Catherine T. Lo1, Andreas Jahn2, Wyatt N. Vreeland1, and Laurie E. Locascio1

1Biochemical Science Division, NIST Gaithersburg, MD 20899

2Semiconductor Electronics Division, NIST, Gaithersburg, MD 20899


Formation of noisome vesicles from non-ionic surfactants (i.e. sorbitan monoesters SPAN 60 and 80) was studied using hydrodynamic focusing technique in microfluidic formats.  These nanoscaled, multilamellar vesicles bear the same properties as liposomes and are an inexpensive alternative to liposomes as drug carrier systems [1].  However, traditional laboratory methods for noisome preparation require bulk mixing of two liquid phases and are not well-controlled, often resulting in niosome population with high polydispersity and inconsistent drug loading.  We, therefore, utilized engineering principles and advantages available at the microscale to precisely control the fluid flow and mixing of liquids, to formulate niosomes with reproducible size, size distribution, and drug encapsulation.
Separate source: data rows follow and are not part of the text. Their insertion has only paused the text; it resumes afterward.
text \<open>Here the commutation relation enters: on \<open>\<H>\<^sub>d\<close> the Euler operator acts as \<open>d\<close>.\<close>

lemma Ltilde_mat_mult_mul_abs1_mat:
  "Ltilde_mat N \<alpha> d * mul_abs1_mat N d
     = op_matrix N \<alpha> d + (2 * real d + (\<Sum>n=1..N. \<alpha> n)) \<cdot>\<^sub>m 1\<^sub>m (Cdim N d)"
proof (rule eq_matI)
  let ?bs = "mono_list N (Suc d)" and ?cs = "mono_list N d"
  fix i j assume "i < dim_row (op_matrix N \<alpha> d + (2 * real d + (\<Sum>n=1..N. \<alpha> n)) \<cdot>\<^sub>m 1\<^sub>m (Cdim N d))"
    and "j < dim_col (op_matrix N \<alpha> d + (2 * real d + (\<Sum>n=1..N. \<alpha> n)) \<cdot>\<^sub>m 1\<^sub>m (Cdim N d))"
  hence i: "i < length ?cs" and j: "j < length ?cs"
    using op_matrix_carrier[of N \<alpha> d] by (simp_all add: length_mono_list)
  have ci: "?cs ! i \<in> mono_set N d" and cj: "?cs ! j \<in> mono_set N d"
    using i j mono_list(2)[of N d] nth_mem by blast+
  let ?Mc = "mul_abs1 N (monomial_c (?cs ! j))"
  have "(Ltilde_mat N \<alpha> d * mul_abs1_mat N d) $$ (i, j)
      = (\<Sum>k\<in>{0..<length ?bs}. ?Mc (?bs ! k) * Ltilde N \<alpha> (monomial_c (?bs ! k)) (?cs ! i))"
    using i j by (auto simp: mul_abs1_mat_def Ltilde_mat_def Let_def scalar_prod_def intro!: sum.cong)
  also have "\<dots> = (\<Sum>b\<in>mono_set N (Suc d). ?Mc b * Ltilde N \<alpha> (monomial_c b) (?cs ! i))"
    by (simp add: sum_set_conv_sum_nth mono_list flip: mono_list(2))
  also have "\<dots> = Ltilde N \<alpha> (\<lambda>a. \<Sum>b\<in>mono_set N (Suc d). ?Mc b * monomial_c b a) (?cs ! i)"
    by (rule Ltilde_lincomb[symmetric])
  also have "(\<lambda>a. \<Sum>b\<in>mono_set N (Suc d). ?Mc b * monomial_c b a) = ?Mc"
    using cj by (intro cpoly_monomial_expansion[symmetric] finite_mono_set mul_abs1_supported_on
        supported_on_monomial_c)
  also have "Ltilde N \<alpha> ?Mc (?cs ! i) = mul_abs1 N (Ltilde N \<alpha> (monomial_c (?cs ! j))) (?cs ! i)
      + (2 * (\<Sum>n=1..N. real ((?cs ! i) n)) + (\<Sum>n=1..N. \<alpha> n)) * monomial_c (?cs ! j) (?cs ! i)"
    by (rule Ltilde_mul_abs1)
  also have "(\<Sum>n=1..N. real ((?cs ! i) n)) = real d"
    using ci unfolding mono_set_def by (simp flip: of_nat_sum)
  also have "monomial_c (?cs ! j) (?cs ! i) = (if i = j then 1 else 0)"
    using mono_list(1)[of N d] i j unfolding monomial_c_def by (auto simp: nth_eq_iff_index_eq)
  finally show "(Ltilde_mat N \<alpha> d * mul_abs1_mat N d) $$ (i, j)
      = (op_matrix N \<alpha> d + (2 * real d + (\<Sum>n=1..N. \<alpha> n)) \<cdot>\<^sub>m 1\<^sub>m (Cdim N d)) $$ (i, j)"
    using i j by (simp add: op_matrix_def Let_def length_mono_list)
qed (use op_matrix_carrier in \<open>simp_all add: mul_abs1_mat_def Ltilde_mat_def Let_def length_mono_list\<close>)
Niosomes in this study were composed of SPAN, cholesterol, and dicetyl phosphate dissolved in isopropyl alcohol in the molar ratio of 47.5:47.5:5.0.  The alcohol stream was hydrodynamically focused between two streams of phosphate buffered saline, to direct the formation of vesicles in a microfluidic channel.  The laminar flow in the microchannel enabled controlled diffusive mixing at the two liquid interfaces where the surfactant assembled into vesicles [2].  The niosomes formed by the microfluidic process were characterized using asymmetric field-flow fractionation combined with light scattering.  We observed that the vesicle size and size distribution are tunable by adjusting the flow rate ratio (between the aqueous and alcohol streams) of the microfluidic system.


[1] T. Yoshioka et al., Internat. Journal of Pharm., 105, 1-6, (1994)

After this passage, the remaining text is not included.